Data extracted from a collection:

lemma raw_boundary_phi_cube:
  "raw_boundary (phi_cube phi n a cs) =
     (\<Sum>j<n. frag_cmul ((-1) ^ Suc j)
        (frag_of (cube_face j 0 (phi_cube phi n a cs)) - frag_of (cube_face j 1 (phi_cube phi n a cs))))
   + frag_cmul ((-1) ^ n) (frag_extend (\<lambda>a'. frag_of (phi_cube phi n a' cs)) (raw_boundary a))
   + frag_cmul ((-1) ^ (n + fst a)) (\<Sum>r<length cs. frag_cmul ((-1) ^ offset cs r)
       (frag_extend (\<lambda>c'. frag_of (phi_cube phi n a (cs[r := c']))) (raw_boundary (cs ! r))))"
proof -
  have "(\<Sum>j<n. frag_cmul ((-1) ^ Suc j)
          (frag_of (cube_face j 0 (phi_cube phi n a cs)) - frag_of (cube_face j 1 (phi_cube phi n a cs)))) =
        frag_extend (\<lambda>t. frag_of (cube_push (\<lambda>(t, a, gs). phi n t a gs) (cube_cross t (cube_cross a (cube_tuple cs)))))
          (raw_boundary (id_cube n))"
    by (simp add: frag_extend_raw_boundary cube_face_phi_cube)
  then show ?thesis
    unfolding phi_cube_def raw_boundary_push raw_boundary_cross raw_boundary_tuple
    by (simp add: frag_extend_add frag_extend_cmul frag_extend_sum frag_extend_frag_extend o_def
        frag_cmul_distrib2 power_add add.assoc)
qed

section \<open>The terms of the \<open>A\<^sub>\<infinity>\<close>-relation\<close>

definition source_boundary_term ::
  "(nat \<Rightarrow> (nat \<Rightarrow> real) \<Rightarrow> 'f \<Rightarrow> (nat \<Rightarrow> 'x loop) \<Rightarrow> 'g) \<Rightarrow> 'f cube \<Rightarrow> 'x loop cube list \<Rightarrow> ('g cube \<Rightarrow>\<^sub>0 int)"
  where "source_boundary_term phi a cs = frag_cmul ((-1) ^ length cs)
    (nd (frag_extend (\<lambda>a'. frag_of (phi_cube phi (length cs) a' cs)) (raw_boundary a)))"

definition loop_boundary_term ::
  "(nat \<Rightarrow> (nat \<Rightarrow> real) \<Rightarrow> 'f \<Rightarrow> (nat \<Rightarrow> 'x loop) \<Rightarrow> 'g) \<Rightarrow> 'f cube \<Rightarrow> 'x loop cube list \<Rightarrow> ('g cube \<Rightarrow>\<^sub>0 int)"
  where "loop_boundary_term phi a cs = frag_cmul ((-1) ^ (length cs + fst a))
    (\<Sum>r<length cs. frag_cmul ((-1) ^ offset cs r)
       (nd (frag_extend (\<lambda>c'. frag_of (phi_cube phi (length cs) a (cs[r := c']))) (raw_boundary (cs ! r)))))"

definition source_action_term ::
  "(nat \<Rightarrow> (nat \<Rightarrow> real) \<Rightarrow> 'f \<Rightarrow> (nat \<Rightarrow> 'x loop) \<Rightarrow> 'g) \<Rightarrow> ('f \<Rightarrow> 'x loop \<Rightarrow> 'f)
    \<Rightarrow> 'f cube \<Rightarrow> 'x loop cube list \<Rightarrow> ('g cube \<Rightarrow>\<^sub>0 int)"
  where "source_action_term phi nuF a cs = (if cs = [] then 0
    else nd (frag_of (phi_cube phi (length cs - 1) (action_cube nuF a (hd cs)) (tl cs))))"

definition loop_product_term ::
  "(nat \<Rightarrow> (nat \<Rightarrow> real) \<Rightarrow> 'f \<Rightarrow> (nat \<Rightarrow> 'x loop) \<Rightarrow> 'g) \<Rightarrow> 'f cube \<Rightarrow> 'x loop cube list \<Rightarrow> ('g cube \<Rightarrow>\<^sub>0 int)"
  where "loop_product_term phi a cs = (\<Sum>r<length cs - 1. frag_cmul ((-1) ^ Suc r)
    (nd (frag_of (phi_cube phi (length cs - 1) a
       (take r cs @ [pontryagin_cube (cs ! r) (cs ! Suc r)] @ drop (Suc (Suc r)) cs)))))"

definition target_action_term ::
  "(nat \<Rightarrow> (nat \<Rightarrow> real) \<Rightarrow> 'f \<Rightarrow> (nat \<Rightarrow> 'x loop) \<Rightarrow> 'g) \<Rightarrow> ('g \<Rightarrow> 'x loop \<Rightarrow> 'g)
    \<Rightarrow> 'f cube \<Rightarrow> 'x loop cube list \<Rightarrow> ('g cube \<Rightarrow>\<^sub>0 int)"
  where "target_action_term phi nuG a cs = (if cs = [] then 0
    else frag_cmul ((-1) ^ length cs)
      (nd (frag_of (action_cube nuG (phi_cube phi (length cs - 1) a (butlast cs)) (last cs)))))"

lemma sum_atLeast1_atMost_two_terms:
  fixes g :: "nat \<Rightarrow> 'b::comm_monoid_add"
  assumes "\<And>s. 3 \<le> s \<Longrightarrow> g s = 0"
  shows "(\<Sum>s=1..M. g s) = (if 1 \<le> M then g 1 else 0) + (if 2 \<le> M then g 2 else 0)"
proof (induction M)
  case (Suc M)
  then show ?case
    using assms[of "Suc M"] by (cases "M = 0"; cases "M = 1") (auto simp: numeral_2_eq_2)
qed simp

lemma sum_atLeast1_atMost_Suc_two_terms:
  fixes h :: "nat \<Rightarrow> 'b::comm_monoid_add"
  assumes "\<And>s. 1 \<le> s \<Longrightarrow> s < n \<Longrightarrow> h s = 0"
  shows "(\<Sum>s=1..Suc n. h s) = h (Suc n) + (if 1 \<le> n then h n else 0)"
proof (cases n)
  case (Suc m)
  have "(\<Sum>s=1..m. h s) = 0"
    using assms Suc by (intro sum.neutral) auto
  then show ?thesis
    using Suc by (simp add: add.commute)
qed simp

lemma sum_atLeast1_if_le:
  fixes f :: "nat \<Rightarrow> 'b::comm_monoid_add"
  assumes "m \<le> M"
  shows "(\<Sum>r=1..M. if r \<le> m then f r else 0) = (\<Sum>r<m. f (Suc r))"
proof -
  have "(\<Sum>r=1..M. if r \<le> m then f r else 0) = sum f {r \<in> {1..M}. r \<le> m}"
    by (rule sum.inter_filter[symmetric]) simp
  also have "{r \<in> {1..M}. r \<le> m} = {Suc 0..m}"
    using assms by auto
  finally show ?thesis
    by (simp add: sum.atLeast1_atMost_eq)
qed

lemma sum_phi_nu_eq:
  assumes N: "N = Suc (length cs)"
  shows "(\<Sum>s=1..N. frag_cmul ((-1) ^ (s * (N - s)))
            (frag_extend (\<lambda>a'. chain_phi phi (N - s + 1) (a', drop (s - 1) cs)) (chain_nu nuF s (a, take (s - 1) cs))))
       = source_boundary_term phi a cs + source_action_term phi nuF a cs"
proof -
  define g where "g s = frag_cmul ((-1) ^ (s * (N - s)))
    (frag_extend (\<lambda>a'. chain_phi phi (N - s + 1) (a', drop (s - 1) cs)) (chain_nu nuF s (a, take (s - 1) cs)))" for s
  have "(\<Sum>s=1..N. g s) = g 1 + (if 2 \<le> N then g 2 else 0)"
    using N sum_atLeast1_atMost_two_terms[of g N] by (simp add: g_def chain_nu_simps)
  moreover have "g 1 = source_boundary_term phi a cs"
  proof -
    have "frag_extend (\<lambda>a'. nd (frag_of (phi_cube phi (length cs) a' cs))) (nd (raw_boundary a)) =
          nd (frag_extend (\<lambda>a'. frag_of (phi_cube phi (length cs) a' cs)) (raw_boundary a))"
      by (rule frag_extend_nd_nd) (rule degenerate_phi_cube_source)
    then show ?thesis
      using N by (simp add: g_def source_boundary_term_def chain_nu_simps chain_phi_eq
          cube_boundary_eq_nd_raw_boundary)
  qed
  moreover have "(if 2 \<le> N then g 2 else 0) = source_action_term phi nuF a cs"
  proof (cases cs)
    case (Cons c cs')
    have "frag_extend (\<lambda>a'. nd (frag_of (phi_cube phi (length cs') a' cs'))) (nd (frag_of (action_cube nuF a c))) =
          nd (frag_of (phi_cube phi (length cs') (action_cube nuF a c) cs'))"
      by (rule frag_extend_nd_nd_of) (rule degenerate_phi_cube_source)
    then show ?thesis
      using N Cons by (simp add: g_def source_action_term_def chain_nu_simps chain_phi_eq)
  qed (use N in \<open>simp add: source_action_term_def\<close>)
  ultimately show ?thesis
    by (simp add: g_def)
qed

lemma sum_nu_phi_eq:
  assumes N: "N = Suc (length cs)"
  shows "(\<Sum>s=1..N. frag_cmul ((-1) ^ ((s + 1) * (N - s)))
            (frag_extend (\<lambda>b. chain_nu nuG (N - s + 1) (b, drop (s - 1) cs)) (chain_phi phi s (a, take (s - 1) cs))))
       = nd (raw_boundary (phi_cube phi (length cs) a cs)) - target_action_term phi nuG a cs"
proof -
  define n where "n = length cs"
  define h where "h s = frag_cmul ((-1) ^ ((s + 1) * (N - s)))
    (frag_extend (\<lambda>b. chain_nu nuG (N - s + 1) (b, drop (s - 1) cs)) (chain_phi phi s (a, take (s - 1) cs)))" for s
  have "(\<Sum>s=1..Suc n. h s) = h (Suc n) + (if 1 \<le> n then h n else 0)"
  proof (rule sum_atLeast1_atMost_Suc_two_terms)
    fix s assume "1 \<le> s" "s < n"
    then have "chain_nu nuG (N - s + 1) p = 0" for p
      using N n_def by (intro chain_nu_simps(3)) simp
    then show "h s = 0"
      by (simp add: h_def frag_extend_eq_0)
  qed
  moreover have "h (Suc n) = nd (raw_boundary (phi_cube phi n a cs))"
    using N n_def by (simp add: h_def chain_nu_simps chain_phi_eq frag_extend_cube_boundary_nd_of)
  moreover have "(if 1 \<le> n then h n else 0) = - target_action_term phi nuG a cs"
  proof (cases "cs = []")
    case False
    then have "drop (n - 1) cs ! 0 = last cs" "take (n - 1) cs = butlast cs" "1 \<le> n"
      using n_def by (simp_all add: last_conv_nth butlast_conv_take Suc_leI)
    moreover have "frag_extend (\<lambda>b. nd (frag_of (action_cube nuG b (last cs))))
                     (nd (frag_of (phi_cube phi (n - 1) a (butlast cs)))) =
                   nd (frag_of (action_cube nuG (phi_cube phi (n - 1) a (butlast cs)) (last cs)))"
      by (rule frag_extend_nd_nd_of) (rule degenerate_action_cube)
    moreover have "N - n + 1 = 2" "(n + 1) * (N - n) = Suc n"
      using N n_def by simp_all
    ultimately show ?thesis
      using False n_def by (simp add: h_def target_action_term_def chain_nu_simps chain_phi_eq)
  qed (simp add: n_def target_action_term_def)
  ultimately show ?thesis
    using N n_def by (simp add: h_def)
qed

lemma sum_phi_mu_eq:
  assumes N: "N = Suc (length cs)"
  shows "(\<Sum>r=1..N. \<Sum>s=1..N - r. frag_cmul ((-1) ^ (r + s * (N - r - s))
                                  * (-1) ^ (s * (fst a + sum_list (map fst (take (r - 1) cs)))))
            (frag_extend (\<lambda>c. chain_phi phi (r + (N - r - s) + 1) (a, take (r - 1) cs @ [c] @ drop (r - 1 + s) cs))
                         (chain_mu s (take s (drop (r - 1) cs)))))
       = loop_boundary_term phi a cs + loop_product_term phi a cs"
proof -
  define n where "n = length cs"
  define k where "k r s = frag_cmul ((-1) ^ (r + s * (N - r - s))
                                  * (-1) ^ (s * (fst a + sum_list (map fst (take (r - 1) cs)))))
            (frag_extend (\<lambda>c. chain_phi phi (r + (N - r - s) + 1) (a, take (r - 1) cs @ [c] @ drop (r - 1 + s) cs))
                         (chain_mu s (take s (drop (r - 1) cs))))" for r s
  have inner: "(\<Sum>s=1..N - r. k r s) = (if r \<le> n then k r 1 else 0) + (if r \<le> n - 1 then k r 2 else 0)"
    if "r \<in> {1..N}" for r
    using that N n_def sum_atLeast1_atMost_two_terms[of "k r" "N - r"]
    by (auto simp: k_def chain_mu_simps)
  have "(\<Sum>r=1..N. \<Sum>s=1..N - r. k r s) =
        (\<Sum>r=1..N. (if r \<le> n then k r 1 else 0) + (if r \<le> n - 1 then k r 2 else 0))"
    by (rule sum.cong[OF refl]) (rule inner)
  also have "\<dots> = (\<Sum>r<n. k (Suc r) 1) + (\<Sum>r<n - 1. k (Suc r) 2)"
  proof -
    have "n \<le> N" "n - 1 \<le> N" using N n_def by simp_all
    then show ?thesis
      by (simp only: sum.distrib sum_atLeast1_if_le)
  qed
  finally have "(\<Sum>r=1..N. \<Sum>s=1..N - r. k r s) = (\<Sum>r<n. k (Suc r) 1) + (\<Sum>r<n - 1. k (Suc r) 2)" .
  moreover have "k (Suc r) 1 = frag_cmul ((-1) ^ (n + fst a)) (frag_cmul ((-1) ^ offset cs r)
      (nd (frag_extend (\<lambda>c'. frag_of (phi_cube phi n a (cs[r := c']))) (raw_boundary (cs ! r)))))"
    if r: "r < n" for r
  proof -
    have "take r cs @ [c] @ drop (Suc r) cs = cs[r := c]" for c
      using r n_def by (simp add: upd_conv_take_nth_drop)
    moreover have "take 1 (drop r cs) ! 0 = cs ! r" "Suc r + (N - Suc r - 1) + 1 = N"
      using r n_def N by simp_all
    moreover have "frag_extend (\<lambda>c. nd (frag_of (phi_cube phi n a (cs[r := c])))) (nd (raw_boundary (cs ! r))) =
                   nd (frag_extend (\<lambda>c. frag_of (phi_cube phi n a (cs[r := c]))) (raw_boundary (cs ! r)))"
      using r n_def by (intro frag_extend_nd_nd degenerate_phi_cube_loop[where r = r]) auto
    moreover have "Suc (length cs - 1) = n"
      using r n_def by simp
    ultimately show ?thesis
      using N by (simp add: k_def chain_mu_simps chain_phi_eq cube_boundary_eq_nd_raw_boundary power_add mult.assoc)
  qed
  moreover have "k (Suc r) 2 = frag_cmul ((-1) ^ Suc r) (nd (frag_of (phi_cube phi (n - 1) a
      (take r cs @ [pontryagin_cube (cs ! r) (cs ! Suc r)] @ drop (Suc (Suc r)) cs))))"
    if r: "r < n - 1" for r
  proof -
    have "take 2 (drop r cs) ! 0 = cs ! r" "take 2 (drop r cs) ! 1 = cs ! Suc r"
      "Suc r + (N - Suc r - 2) + 1 = n"
      using r n_def N by auto
    moreover have "frag_extend (\<lambda>c. nd (frag_of (phi_cube phi (n - 1) a (take r cs @ [c] @ drop (Suc (Suc r)) cs))))
        (nd (frag_of (pontryagin_cube (cs ! r) (cs ! Suc r)))) =
      nd (frag_of (phi_cube phi (n - 1) a (take r cs @ [pontryagin_cube (cs ! r) (cs ! Suc r)] @ drop (Suc (Suc r)) cs)))"
      using r n_def
      by (intro frag_extend_nd_nd_of degenerate_phi_cube_loop[where r = r]) (auto simp: nth_append)
    moreover have "(-1::int) ^ (Suc r + 2 * (N - Suc r - 2)) * (-1) ^ (2 * (fst a + offset cs r)) = (-1) ^ Suc r"
      by (simp add: power_add power_mult)
    ultimately show ?thesis
      by (simp add: k_def chain_mu_simps chain_phi_eq numeral_2_eq_2)
  qed
  ultimately show ?thesis
    unfolding k_def[symmetric]
    by (simp add: loop_boundary_term_def loop_product_term_def n_def frag_cmul_sum)
qed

TASK GOAL
With "intro" as the search word, count the matching lines in the records and give the number alone.

THE ANSWER
4